De Princehofmolen is a hollow post mill in Earnewâld, Friesland, the Netherlands, which was built in 1958. The mill is listed as a Rijksmonument, number 22934.

==History==

This mill originally stood at Fatum, Tzum. In 1958 it was sold by the Massold family of Leeuwarden to Mr Bakker for ƒ2,000. The mill was rebuilt by the Folkerssloot at Earnewâld by millwright De Roos of Leeuwarden at a cost of ƒ2,874.30. A grant of ƒ710 towards the cost was given by the province of Friesland.
 The mill is maintained as a landmark but is unable to work due to trees growing too close to the mill.

==Description==

De Princehofmolen is what the Dutch describe as a "spinnenkopmolen" . It is a small hollow post mill on a single storey roundhouse.
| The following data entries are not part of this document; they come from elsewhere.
lemma is_mp_inverse_unique:
  assumes mp': "is_mp_inverse A B'"
  shows "B' = B"
proof
  fix y
  note D = is_mp_inverseD[OF mp] and F = is_mp_inverse_adjointD[OF bounded mp]
  note D' = is_mp_inverseD[OF mp'] and F' = is_mp_inverse_adjointD[OF bounded mp']
  have "B y = B (A (B y))"
    by (simp add: D(3))
  also have "\<dots> = B (adjoint B (adjoint A y))"
    by (simp add: F(1))
  also have "\<dots> = B (adjoint B (adjoint A (adjoint B' (adjoint A y))))"
    by (simp add: F'(3))
  also have "\<dots> = B (A (B (adjoint B' (adjoint A y))))"
    by (simp add: F(1))
  also have "\<dots> = B (A (B' y))"
    by (simp add: D(3) F'(1))
  finally have B_eq: "B y = B (A (B' y))" .
  have "B' y = B' (A (B' y))"
    by (simp add: D'(3))
  also have "\<dots> = adjoint A (adjoint B' (B' y))"
    by (simp add: F'(2))
  also have "\<dots> = adjoint A (adjoint B (adjoint A (adjoint B' (B' y))))"
    by (simp add: F(3))
  also have "\<dots> = adjoint A (adjoint B (B' (A (B' y))))"
    by (simp add: F'(2))
  also have "\<dots> = B (A (B' y))"
    by (simp add: D'(3) F(2))
  finally show "B' y = B y"
    by (simp add: B_eq)
qed

lemma mp_inverse_eq: "mp_inverse A = B"
  unfolding mp_inverse_def
proof (rule the_equality)
  have "adjoint (B \<circ> A) = B \<circ> A" "adjoint (A \<circ> B) = A \<circ> B"
    using is_mp_inverseD[OF mp]
    by (simp_all add: adjoint_eq_self_iff bounded_linear_comp bounded)
  then show "bounded_linear B \<and> A \<circ> B \<circ> A = A \<and> B \<circ> A \<circ> B = B \<and>
      adjoint (B \<circ> A) = B \<circ> A \<and> adjoint (A \<circ> B) = A \<circ> B"
    using is_mp_inverseD[OF mp] by (simp add: fun_eq_iff)
next
  fix B'
  assume B': "bounded_linear B' \<and> A \<circ> B' \<circ> A = A \<and> B' \<circ> A \<circ> B' = B' \<and>
      adjoint (B' \<circ> A) = B' \<circ> A \<and> adjoint (A \<circ> B') = A \<circ> B'"
  then have "is_mp_inverse A B'"
    using adjoint_eq_self_iff[OF bounded_linear_comp[OF _ bounded], of B']
      adjoint_eq_self_iff[OF bounded_linear_comp[OF bounded], of B']
    by (simp add: is_mp_inverse_def fun_eq_iff)
  then show "B' = B"
    by (rule is_mp_inverse_unique)
qed

lemma is_mp_inverse_gram: "is_mp_inverse (adjoint A \<circ> A) (B \<circ> adjoint B)"
proof -
  note D = is_mp_inverseD[OF mp] and F = is_mp_inverse_adjointD[OF bounded mp]
  have BM: "B (adjoint B (adjoint A (A x))) = B (A x)" for x
    by (simp add: F(1) D(2))
  have MB: "adjoint A (A (B (adjoint B x))) = B (A x)" for x
    by (metis F(1) F(2) F(4))
  show ?thesis
    unfolding is_mp_inverse_def
  proof (intro conjI allI)
    show "bounded_linear (B \<circ> adjoint B)"
      by (simp add: bounded_linear_comp bounded_linear_adjoint D(1))
    fix x y
    show "(adjoint A \<circ> A) ((B \<circ> adjoint B) ((adjoint A \<circ> A) x)) = (adjoint A \<circ> A) x"
      by (simp only: comp_apply BM D(2))
    show "(B \<circ> adjoint B) ((adjoint A \<circ> A) ((B \<circ> adjoint B) x)) = (B \<circ> adjoint B) x"
      by (simp only: comp_apply BM D(3))
    show "(B \<circ> adjoint B) ((adjoint A \<circ> A) x) \<bullet> y = x \<bullet> (B \<circ> adjoint B) ((adjoint A \<circ> A) y)"
      by (simp only: comp_apply BM D(4))
    show "(adjoint A \<circ> A) ((B \<circ> adjoint B) x) \<bullet> y = x \<bullet> (adjoint A \<circ> A) ((B \<circ> adjoint B) y)"
      by (simp only: comp_apply MB D(4))
  qed
qed

lemma is_mp_inverse_closed_range: "closed (range A)"
proof -
  have "range A = (\<lambda>z. A (B z) - z) -` {0}"
    using is_mp_inverseD(2)[OF mp] by (auto simp: image_iff) (metis rangeI)
  moreover have "closed ((\<lambda>z. A (B z) - z) -` {0})"
    by (rule continuous_closed_vimage) (auto intro!: continuous_intros
        bounded_linear.continuous[OF bounded] bounded_linear.continuous[OF is_mp_inverseD(1)[OF mp]])
  ultimately show ?thesis
    by simp
qed

lemma orthogonal_ker_adjoint_subset_range: "(op_ker (adjoint A))\<^sup>\<bottom> \<subseteq> range A"
proof
  fix z
  assume z: "z \<in> (op_ker (adjoint A))\<^sup>\<bottom>"
  note D = is_mp_inverseD[OF mp] and F = is_mp_inverse_adjointD[OF bounded mp]
  define v where "v = z - A (B z)"
  have "adjoint A (A (B z)) = adjoint A z"
    using F(3) by (simp add: F(1))
  then have "v \<in> op_ker (adjoint A)"
    by (simp add: v_def op_ker_def linear_diff[OF bounded_linear.linear[OF bounded_linear_adjoint[OF bounded]]])
  then have "v \<bullet> z = 0"
    using z by (simp add: orthogonal_comp_iff)
  moreover have "A (B z) \<bullet> v = 0"
    by (simp add: v_def inner_diff_right D(5)[of z] D(2))
  ultimately have "v \<bullet> v = 0"
    by (simp add: v_def inner_diff_left inner_commute)
  then have "z = A (B z)"
    by (simp add: v_def)
  then show "z \<in> range A"
    by (metis rangeI)
qed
There is no stage, the sail reaching almost to the ground. The body of the mill is covered in vertical boards and the roof is covered in dakleer. The mill is winded by tailpole and winch. The sails are Common sails. They have a span of 10.20 m. The sails are carried on a wooden windshaft. The windshaft also carries the brake wheel which has 35 cogs. This drives the wallower (18 cogs) at the top of the upright shaft. At the bottom of the upright shaft, the crown wheel, which has 27 cogs formerly drove an Archimedes' screw, which was not fitted when the mill was re-erected.